Doubling down on yesterday’s media

by Alex

With broadband adoption surging across the country, my wife and I are switching our netflix subscription to unlimited streaming + four CDs at home at a time. It’s the opposite of adoption patterns but makes good sense.

Think about it: after two years with a Roku box we are simply running out of things to watch on Netflix streaming — and particularly quality TV shows, which are our standard fare these days. No other flat-rate service can provide them, especially not the pathetic Hulu Plus, which not only makes you pay money to watch commercials, but basically takes a whole tranche of content and makes sure it’s not available to anyone with a dedicated content streaming device. I mean really.

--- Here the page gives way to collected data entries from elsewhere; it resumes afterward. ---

text \<open>A verifier that uses constant space and halts on every input of length at least N,
against every prover and for every coin sequence, sees only O(n) distinct configurations
(state, input head, work tape, work head, communication cell) on inputs of length n. If some
run lasted longer than that number of steps, a configuration would repeat before halting; since
the prover may answer as a function of the length of the history and the coins are arbitrary,
the cycle can be replayed forever by a suitable prover and coin sequence, contradicting halting.
Hence every run halts within O(n) steps, which bounds the running time and the numbers of
private and public coins linearly. The verifier itself is unchanged, so its error
probabilities, and hence membership in IP or in IP_high, are preserved.\<close>

lemma path_pumping:
  assumes "finite S" "\<And>k. k \<le> card S \<Longrightarrow> p k \<in> S" "\<And>k. k < card S \<Longrightarrow> R (p k) (p (Suc k))"
  shows "\<exists>p'. p' 0 = p 0 \<and> (\<forall>k. R (p' k) (p' (Suc k)))"
proof -
  have "\<not> inj_on p {..card S}"
  proof
    assume "inj_on p {..card S}"
    then have "card {..card S} \<le> card S"
      by (rule card_inj_on_le) (use assms(1,2) in auto)
    then show False by simp
  qed
  then obtain a b where ab: "a \<le> card S" "b \<le> card S" "a \<noteq> b" "p a = p b"
    by (auto simp: inj_on_def)
  define i j where "i = min a b" and "j = max a b"
  have ij: "i < j" "j \<le> card S" "p i = p j"
    using ab by (auto simp: i_def j_def min_def max_def)
  define g where "g = rec_nat 0 (\<lambda>_ m. if Suc m = j then i else Suc m)"
  have g_0: "g 0 = 0" and g_Suc: "g (Suc k) = (if Suc (g k) = j then i else Suc (g k))" for k
    by (simp_all add: g_def)
  have g_less: "g k < j" for k
    using ij(1) by (induction k) (auto simp: g_0 g_Suc)
  have "p (g (Suc k)) = p (Suc (g k))" for k
    using ij(3) by (simp add: g_Suc)
  then have R_g: "R (p (g k)) (p (g (Suc k)))" for k
    using assms(3)[of "g k"] g_less[of k] ij(2) by simp
  show ?thesis
    by (rule exI[of _ "p \<circ> g"]) (simp add: g_0 R_g)
qed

Basically there is a doughnut hole in content offerings these days: a great, viable streaming option offered by Netflix with limited selection but great pricing; and ridiculously over-priced on-demand offerings from Apple, Amazon, and whatnot, which offer even greater selection and convenience, but which are just ridiculous overpriced when compared to every other way of watching television.

It might just be us — we were relatively early adopters of Netflix, have pretty strange tastes (read: only watch the documentaries our friends were in) and have been watching for a while. The cabinet is starting to look a little bare. But look: we watch basically two hours of TV a night after the kids go to sleep, which is like US$120 a night if you were to buy it off of your Roku at the cheapest prices going in the on-demand market. At that price, why not just pay for cable?

In the long run, it’s not clear to me that cheap flat rate services will win over premium-priced on-delivery — especially once Big Content gets its confidence back up in the new digital marketplace. At the moment, it looks like the right choice for us is yesterday’s media.